Solid Waste Management in Global South Cities
Urban sanitation remains being a major challenge in most informal settlements in the global South despite the extensive recognition within the policy and academic contexts. Minimal efforts have been undertaken to understand the everyday sanitation experience and perception of individuals living in informal settlements characterised by poor sanitation despite it being a critical aspect of everyday city life (Samson, 2009). Mumbai is one of the Indian cities characterised by ineffective waste management. To improve everyday sanitation, municipal governments are increasingly employing new initiatives. One of the initiatives entails decentralisation of solid waste management by integrating more large-scale privatised waste management systems. The privatised waste management systems are aimed at enhancing waste collection, segregation, recovery and disposal (Schindler, 2015). The need for privatisation of solid waste management has arisen from overemphasise on the theme of modernisation in cities. Mumbai has undergone considerable changes as evidenced by the city’s transformation with reference to economy and socioeconomic composition. Nevertheless, sanitation has remained to be a challenge in Mumbai. This essay examines how the theme of modernisation appears in the context of waste management and sanitation.

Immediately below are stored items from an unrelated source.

(* Let $\Gamma,\Delta$ be finite sets of formulas, $\alpha$ an atomic mapping for $\Gamma\cup\Delta$, and $\mathcal{Q}$ the quasi-simulation base for $\Gamma\cup\Delta$ and $\alpha$. Let $\Theta_{\mathsf{At}}$ be any (possibly empty) finite set of atoms, $\Sigma$ any non-empty finite set of subformulas of formulas in $\Gamma\cup\Delta$, and $\Sigma_{\mathsf{At}}=\{p^B\mid B\in\Sigma\}$. Then for every base $\mathcal{B}\supseteq\mathcal{Q}$: $\Vdash_{\mathcal{B}}\Sigma,\Theta_{\mathsf{At}}$ if and only if $\vdash_{\mathcal{B}}\ \Rightarrow\Sigma_{\mathsf{At}},\Theta_{\mathsf{At}}$.
   Context: Fix a countably infinite set $\mathsf{At}$ of atoms. Formulas are built from atoms and the constant $\bot$ using the binary connectives $\land,\lor,\to$. All contexts are finite sets (not multisets) of formulas; a comma denotes union; a subscript $\mathsf{At}$ indicates a finite set of atoms. An atomic sequent has the form $\Gamma_{\mathsf{At}} \Rightarrow \Delta_{\mathsf{At}}$. An atomic rule has finitely many (possibly zero) atomic sequents as premises and one atomic sequent as conclusion; a rule with zero premises is an atomic axiom. A base is a (possibly empty) set of atomic rules; $\mathcal{C}\supseteq\mathcal{B}$ ($\mathcal{C}$ extends $\mathcal{B}$) if $\mathcal{C}$ contains every rule of $\mathcal{B}$. Derivability $\vdash_{\mathcal{B}}$ of atomic sequents is the least relation such that: (Axiom/Weakening) if an atomic axiom with conclusion $\Gamma_{\mathsf{At}}\Rightarrow\Delta_{\mathsf{At}}$ is in $\mathcal{B}$, then $\vdash_{\mathcal{B}} \Theta_{\mathsf{At}},\Gamma_{\mathsf{At}}\Rightarrow\Delta_{\mathsf{At}},\Sigma_{\mathsf{At}}$ for all sets of atoms $\Theta_{\mathsf{At}},\Sigma_{\mathsf{At}}$; (Mix) if a rule with premises $\Gamma^i_{\mathsf{At}}\Rightarrow\Delta^i_{\mathsf{At}}$ ($1\le i\le n$) and conclusion $\Gamma_{\mathsf{At}}\Rightarrow\Delta_{\mathsf{At}}$ is in $\mathcal{B}$ and $\vdash_{\mathcal{B}} \Theta^i_{\mathsf{At}},\Gamma^i_{\mathsf{At}}\Rightarrow\Delta^i_{\mathsf{At}},\Sigma^i_{\mathsf{At}}$ for each $i$, then $\vdash_{\mathcal{B}} \Theta^1_{\mathsf{At}},\dots,\Theta^n_{\mathsf{At}},\Gamma_{\mathsf{At}}\Rightarrow\Delta_{\mathsf{At}},\Sigma^1_{\mathsf{At}},\dots,\Sigma^n_{\mathsf{At}}$. Support $\Vdash_{\mathcal{B}}$: (At) $\Vdash_{\mathcal{B}}\Gamma_{\mathsf{At}}$ iff $\vdash_{\mathcal{B}}\ \Rightarrow\Gamma_{\mathsf{At}}$; ($\land$) $\Vdash_{\mathcal{B}} A\land B,\Gamma$ iff $\Vdash_{\mathcal{B}}A,\Gamma$ and $\Vdash_{\mathcal{B}}B,\Gamma$; ($\lor$) $\Vdash_{\mathcal{B}}A\lor B,\Gamma$ iff $\Vdash_{\mathcal{B}}A,B,\Gamma$; ($\to$) $\Vdash_{\mathcal{B}}A\to B,\Gamma$ iff $A\Vdash_{\mathcal{B}}B,\Gamma$; ($\bot$) $\Vdash_{\mathcal{B}}\bot,\Gamma$ iff $\Vdash_{\mathcal{B}}\Gamma$; (Inf) for $n\ge1$, $\{A^1,\dots,A^n\}\Vdash_{\mathcal{B}}\Delta$ iff for every $\mathcal{C}\supseteq\mathcal{B}$ and all sets of atoms $\Theta^1_{\mathsf{At}},\dots,\Theta^n_{\mathsf{At}}$, if $\Vdash_{\mathcal{C}}\Theta^i_{\mathsf{At}},A^i$ for all $i$ then $\Vdash_{\mathcal{C}}\Theta^1_{\mathsf{At}},\dots,\Theta^n_{\mathsf{At}},\Delta$ (and $\varnothing\Vdash_{\mathcal{B}}\Delta$ means $\Vdash_{\mathcal{B}}\Delta$). The atomic identity rule $\mathsf{Ainit}$ is the atomic axiom $\Gamma_{\mathsf{At}},p\Rightarrow p,\Delta_{\mathsf{At}}$. $\mathcal{HS}$ is the base consisting of all instances of $\mathsf{Ainit}$. Atomic mapping: for a set of formulas $\Sigma_0$ with set of subformulas $S$, an atomic mapping is an injective function $\alpha:S\to\mathsf{At}$ with $\alpha(p)=p$ for every atom $p\in S$; write $p^A:=\alpha(A)$. The quasi-simulation base $\mathcal{Q}$ for $\Sigma_0$ and $\alpha$ consists exactly of $\mathcal{HS}$ together with the following atomic rules, for all formulas $A,B$ such that the displayed compound formula lies in $S$ (and for $p^\bot$ when $\bot\in S$), and all sets of atoms $\Gamma,\Delta,\Gamma',\Delta'$: $Q\land_1$: from $\Gamma\Rightarrow\Delta,p^{A\land B}$ infer $\Gamma\Rightarrow\Delta,p^A$; $Q\land_2$: from $\Gamma\Rightarrow\Delta,p^{A\land B}$ infer $\Gamma\Rightarrow\Delta,p^B$; $R\land$: from $\Gamma\Rightarrow\Delta,p^A$ and $\Gamma'\Rightarrow\Delta',p^B$ infer $\Gamma,\Gamma'\Rightarrow\Delta,\Delta',p^{A\land B}$; $Q\lor$: from $\Gamma\Rightarrow\Delta,p^{A\lor B}$ infer $\Gamma\Rightarrow\Delta,p^A,p^B$; $R\lor$: from $\Gamma\Rightarrow\Delta,p^A,p^B$ infer $\Gamma\Rightarrow\Delta,p^{A\lor B}$; $Q\to$: from $\Gamma\Rightarrow\Delta,p^{A\to B}$ and $\Gamma'\Rightarrow\Delta',p^A$ infer $\Gamma,\Gamma'\Rightarrow\Delta,\Delta',p^B$; $R\to$: from $p^A,\Gamma\Rightarrow\Delta,p^B$ infer $\Gamma\Rightarrow\Delta,p^{A\to B}$; $Q\bot$: from $\Gamma\Rightarrow\Delta,p^\bot$ infer $\Gamma\Rightarrow\Delta$. *)

theory Defs
  imports Main
begin

datatype form = Atom nat | Bot | And form form | Or form form | Imp form form

type_synonym aseq = "nat set \<times> nat set"
type_synonym arule = "aseq list \<times> aseq"
type_synonym abase = "arule set"

definition finite_seq :: "aseq \<Rightarrow> bool" where
  "finite_seq s \<longleftrightarrow> finite (fst s) \<and> finite (snd s)"

definition is_base :: "abase \<Rightarrow> bool" where
  "is_base B \<longleftrightarrow> (\<forall>r\<in>B. finite_seq (snd r) \<and> (\<forall>s\<in>set (fst r). finite_seq s))"

inductive derives :: "abase \<Rightarrow> aseq \<Rightarrow> bool" for B :: abase where
  ax: "([], (G, D)) \<in> B \<Longrightarrow> finite T \<Longrightarrow> finite S \<Longrightarrow> derives B (T \<union> G, D \<union> S)"
| mix: "(ps, (G, D)) \<in> B \<Longrightarrow> length Ts = length ps \<Longrightarrow> length Ss = length ps \<Longrightarrow>
        (\<forall>i<length ps. finite (Ts ! i) \<and> finite (Ss ! i) \<and>
            derives B ((Ts ! i) \<union> fst (ps ! i), snd (ps ! i) \<union> (Ss ! i))) \<Longrightarrow>
        derives B (\<Union>(set Ts) \<union> G, D \<union> \<Union>(set Ss))"

fun is_atom :: "form \<Rightarrow> bool" where
  "is_atom (Atom p) = True"
| "is_atom _ = False"

fun weight :: "form \<Rightarrow> nat" where
  "weight (Atom p) = 0"
| "weight Bot = 1"
| "weight (And a b) = weight a + weight b + 1"
| "weight (Or a b) = weight a + weight b + 1"
| "weight (Imp a b) = weight a + weight b + 1"

definition ctxw :: "form set \<Rightarrow> nat" where
  "ctxw G = sum weight G"

text \<open>If all its members are atoms,
  clause (At) applies; otherwise one compound formula is chosen and the corresponding
  clause is applied with the remaining context (the paper's clauses are independent
  of the choice of compound formula).  The clause for implication uses the
  single-hypothesis instance of (Inf).\<close>

function supp :: "abase \<Rightarrow> form set \<Rightarrow> bool" where
  "supp B G =
    (if \<not> finite G then False
     else if (\<forall>F\<in>G. is_atom F) then derives B ({}, {p. Atom p \<in> G})
     else (let F = (SOME F. F \<in> G \<and> \<not> is_atom F); R = G - {F} in
       (case F of
          And X Y \<Rightarrow> supp B (insert X R) \<and> supp B (insert Y R)
        | Or X Y \<Rightarrow> supp B (insert X (insert Y R))
        | Imp X Y \<Rightarrow> (\<forall>C T. is_base C \<and> B \<subseteq> C \<and> finite T \<and> supp C (insert X (Atom ` T))
                          \<longrightarrow> supp C (insert Y R \<union> Atom ` T))
        | Bot \<Rightarrow> supp B R
        | Atom p \<Rightarrow> False)))"
  by pat_completeness auto

lemma ctxw_atoms: "ctxw (Atom ` T) = 0"
proof (cases "finite T")
  case True thus ?thesis unfolding ctxw_def by (induct T rule: finite_induct) auto
next
  case False
  hence "infinite (Atom ` T)" by (meson finite_imageD inj_onI form.inject(1))
  thus ?thesis by (simp add: ctxw_def)
qed

lemma ctxw_insert_le: "finite R \<Longrightarrow> ctxw (insert X R) \<le> weight X + ctxw R"
  unfolding ctxw_def by (simp add: sum.insert_if)

lemma ctxw_un_le: "finite A \<Longrightarrow> finite B \<Longrightarrow> ctxw (A \<union> B) \<le> ctxw A + ctxw B"
  unfolding ctxw_def by (simp add: sum_Un_nat)

lemma ctxw_remove: "finite G \<Longrightarrow> F \<in> G \<Longrightarrow> ctxw G = weight F + ctxw (G - {F})"
  unfolding ctxw_def by (simp add: sum.remove)

lemma some_in: "\<exists>x\<in>G. \<not> is_atom x \<Longrightarrow> (SOME F. F \<in> G \<and> \<not> is_atom F) \<in> G"
  by (rule someI2_ex) auto

termination
  apply (relation "measure (\<lambda>(B, G). ctxw G)")
        apply simp_all
  subgoal for G
    using ctxw_remove[of G Bot] some_in[of G] by auto
  subgoal premises p for G x xa X Y
  proof -
    have F: "(SOME F. F \<in> G \<and> \<not> is_atom F) = And X Y" using p(3) by simp
    have "And X Y \<in> G" using some_in[OF p(2)] F by simp
    hence "ctxw G = weight (And X Y) + ctxw (G - {And X Y})" using p(1) ctxw_remove by blast
    moreover have "ctxw (insert X (G - {And X Y})) \<le> weight X + ctxw (G - {And X Y})"
      using p(1) ctxw_insert_le by blast
    ultimately show ?thesis unfolding F by simp
  qed
  subgoal premises p for G x xa X Y
  proof -
    have F: "(SOME F. F \<in> G \<and> \<not> is_atom F) = And X Y" using p(3) by simp
    have "And X Y \<in> G" using some_in[OF p(2)] F by simp
    hence "ctxw G = weight (And X Y) + ctxw (G - {And X Y})" using p(1) ctxw_remove by blast
    moreover have "ctxw (insert Y (G - {And X Y})) \<le> weight Y + ctxw (G - {And X Y})"
      using p(1) ctxw_insert_le by blast
    ultimately show ?thesis unfolding F by simp
  qed
  subgoal premises p for G x xa X Y
  proof -
    have F: "(SOME F. F \<in> G \<and> \<not> is_atom F) = Or X Y" using p(3) by simp
    have "Or X Y \<in> G" using some_in[OF p(2)] F by simp
    hence "ctxw G = weight (Or X Y) + ctxw (G - {Or X Y})" using p(1) ctxw_remove by blast
    moreover have "ctxw (insert X (insert Y (G - {Or X Y}))) \<le> weight X + (weight Y + ctxw (G - {Or X Y}))"
      using p(1) ctxw_insert_le
      by (meson add_left_mono finite.insertI finite_Diff order_trans)
    ultimately show ?thesis unfolding F by simp
  qed
  subgoal premises p for G x xa X Y T
  proof -
    have F: "(SOME F. F \<in> G \<and> \<not> is_atom F) = Imp X Y" using p(3) by simp
    have "Imp X Y \<in> G" using some_in[OF p(2)] F by simp
    hence "ctxw G = weight (Imp X Y) + ctxw (G - {Imp X Y})" using p(1) ctxw_remove by blast
    moreover have "ctxw (insert X (Atom ` T)) \<le> weight X"
    proof (cases "finite T")
      case True thus ?thesis using ctxw_insert_le[of "Atom ` T" X] ctxw_atoms by auto
    next
      case False
      hence "infinite (insert X (Atom ` T))"
        by (meson finite_imageD finite_insert inj_onI form.inject(1))
      thus ?thesis by (simp add: ctxw_def)
    qed
    ultimately show ?thesis by simp
  qed
  subgoal premises p for B G x xa X Y C T
  proof -
    have F: "(SOME F. F \<in> G \<and> \<not> is_atom F) = Imp X Y" using p(3) by simp
    have "Imp X Y \<in> G" using some_in[OF p(2)] F by simp
    hence "ctxw G = weight (Imp X Y) + ctxw (G - {Imp X Y})" using p(1) ctxw_remove by blast
    moreover have "ctxw (insert Y (G - {Imp X Y} \<union> Atom ` T)) \<le> weight Y + ctxw (G - {Imp X Y})"
    proof -
      have ft: "finite T" using p(6) by simp
      have "ctxw (insert Y (G - {Imp X Y} \<union> Atom ` T)) \<le> weight Y + ctxw (G - {Imp X Y} \<union> Atom ` T)"
        using p(1) ft ctxw_insert_le by blast
      moreover have "ctxw (G - {Imp X Y} \<union> Atom ` T) \<le> ctxw (G - {Imp X Y}) + ctxw (Atom ` T)"
        using p(1) ft ctxw_un_le by blast
      ultimately show ?thesis using ctxw_atoms by simp
    qed
    ultimately show ?thesis unfolding F by simp
  qed
  done

fun subf :: "form \<Rightarrow> form set" where
  "subf (Atom p) = {Atom p}"
| "subf Bot = {Bot}"
| "subf (And a b) = insert (And a b) (subf a \<union> subf b)"
| "subf (Or a b) = insert (Or a b) (subf a \<union> subf b)"
| "subf (Imp a b) = insert (Imp a b) (subf a \<union> subf b)"

definition subformulas :: "form set \<Rightarrow> form set" where
  "subformulas S0 = \<Union>(subf ` S0)"

definition atomic_mapping :: "form set \<Rightarrow> (form \<Rightarrow> nat) \<Rightarrow> bool" where
  "atomic_mapping S0 \<alpha> \<longleftrightarrow> inj_on \<alpha> (subformulas S0) \<and>
     (\<forall>p. Atom p \<in> subformulas S0 \<longrightarrow> \<alpha> (Atom p) = p)"

definition HS :: abase where
  "HS = {([], (insert p G, insert p D)) | p G D. finite G \<and> finite D}"

definition Qbase :: "form set \<Rightarrow> (form \<Rightarrow> nat) \<Rightarrow> abase" where
  "Qbase S0 \<alpha> = HS
   \<union> {([(G, insert (\<alpha> (And A B)) D)], (G, insert (\<alpha> A) D)) | A B G D.
        And A B \<in> subformulas S0 \<and> finite G \<and> finite D}
   \<union> {([(G, insert (\<alpha> (And A B)) D)], (G, insert (\<alpha> B) D)) | A B G D.
        And A B \<in> subformulas S0 \<and> finite G \<and> finite D}
   \<union> {([(G, insert (\<alpha> A) D), (G', insert (\<alpha> B) D')], (G \<union> G', insert (\<alpha> (And A B)) (D \<union> D')))
        | A B G D G' D'.
        And A B \<in> subformulas S0 \<and> finite G \<and> finite D \<and> finite G' \<and> finite D'}
   \<union> {([(G, insert (\<alpha> (Or A B)) D)], (G, insert (\<alpha> A) (insert (\<alpha> B) D))) | A B G D.
        Or A B \<in> subformulas S0 \<and> finite G \<and> finite D}
   \<union> {([(G, insert (\<alpha> A) (insert (\<alpha> B) D))], (G, insert (\<alpha> (Or A B)) D)) | A B G D.
        Or A B \<in> subformulas S0 \<and> finite G \<and> finite D}
   \<union> {([(G, insert (\<alpha> (Imp A B)) D), (G', insert (\<alpha> A) D')], (G \<union> G', insert (\<alpha> B) (D \<union> D')))
        | A B G D G' D'.
        Imp A B \<in> subformulas S0 \<and> finite G \<and> finite D \<and> finite G' \<and> finite D'}
   \<union> {([(insert (\<alpha> A) G, insert (\<alpha> B) D)], (G, insert (\<alpha> (Imp A B)) D)) | A B G D.
        Imp A B \<in> subformulas S0 \<and> finite G \<and> finite D}
   \<union> {([(G, insert (\<alpha> Bot) D)], (G, D)) | G D.
        Bot \<in> subformulas S0 \<and> finite G \<and> finite D}"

Correlation between privatisation of waste management system in Mumbai and efforts to modernise cities in the Global South
Traditionally, Mumbai was known as the gateway to India. However, the conditions in the city deteriorated over the years as a result of increased population and urbanisation. The city has been characterised by high volume of waste over the years. As one of the large metropolis in India, Mumbai generates approximately 7,000 metric tons of waste daily (Singh, 2015). Poor sanitation in the city is worsened by lack of effective waste management practices. Nonetheless, the city has integrated the concept of privatisation in its pursuit for modernisations. This phenomenon is illustrated by the emergence of private firms that have identified the sanitation problem in the city’s slum as a source of business opportunity. However, Schindler (2015) argues that ‘privatisation of waste management has led to contest between the private firms and the informal-sector recyclers whose source of livelihood depends on the waste’ (p.6). An example of such contest has occurred between the private firms in Mumbai and the Solid Waste Collection and Handling (SWaCH), which is an organisation of waste pickers in Mumbai. SWaCH has established different programs to manage solid waste such as the Parisar Vikas Program (Singh, 2015). The contest in waste management is also worsened by the presence of other non-governmental organisations such as the Mumbai Slum Sanitation Program, which is supported by the World Bank (Shyamal, Ghosh & Somnath, 2006). The private solid waste management companies do not want the individual waste pickers to access the landfills. This presents a major challenge that might limit the effectiveness of implementing the privatised waste management system.
The focus on solid waste management in the modernisation of cities is not only limited to slums in India. On the contrary, the modernisation efforts are also undertaken by different global south cities. In its quest to modernise Mexico City, the municipal council is experiencing a challenge in dealing with the solid waste management question (Villagran, 2012). The challenge arises due to the presence of private firms and individual waste pickers. Samson (2009) asserts that ‘individual waste pickers are usually ignored within the public policy processes and often persecuted by authorities’ (p.1). This situation leads to discrepancy in solid waste management across the city with reference to waste collection, transportation and disposal. Neighbourhoods characterised by opulence experience effective solid waste management while informal settlements such as slums are ignored.
Privatisation of solid waste management by cities in the Global South has affected the waste pickers significantly by limiting their source of income. This outcome arises from the fact that the private solid management companies employ automated systems in an effort to maximise profitability. On the contrary, the individual waste pickers do not have the skills and technological capacity, which limits their capacity to compete with the private firms. Thus, the individual waste pickers perceive the adoption of the private solid waste management system as a threat to their livelihood.
In an effort to minimise the conflict between the private firms and the informal waste-pickers, cities in the global South should appreciate the importance of adopting a collaborative approach in the solid waste management processes. One of the approaches that the stakeholders such as the municipal governments should consider entails establishing a balance between the competing groups (Begley, 2011). For example, municipal governments should advocate the private companies to employ labour intensive waste management approaches. This will play a critical role in ensuring that the individual waste pickers are absorbed in the solid waste management process. Moreover, the municipal governments should pressurize the private firms to train the individual waste pickers on issues associated with solid waste management such as training on issues related to health and safety.
Sanitation constitutes a critical aspect in the Global South Cities quest to attain the desired level of modernisation. Nevertheless, it is imperative for a collaborative approach to be employed in order to attain the desired level of sanitation. The collaborative approach should focus on the private firms, individual waste pickers and the municipal governments. This approach will limit the occurrence of conflicts between stakeholders hence improving the effectiveness of the private solid waste management system.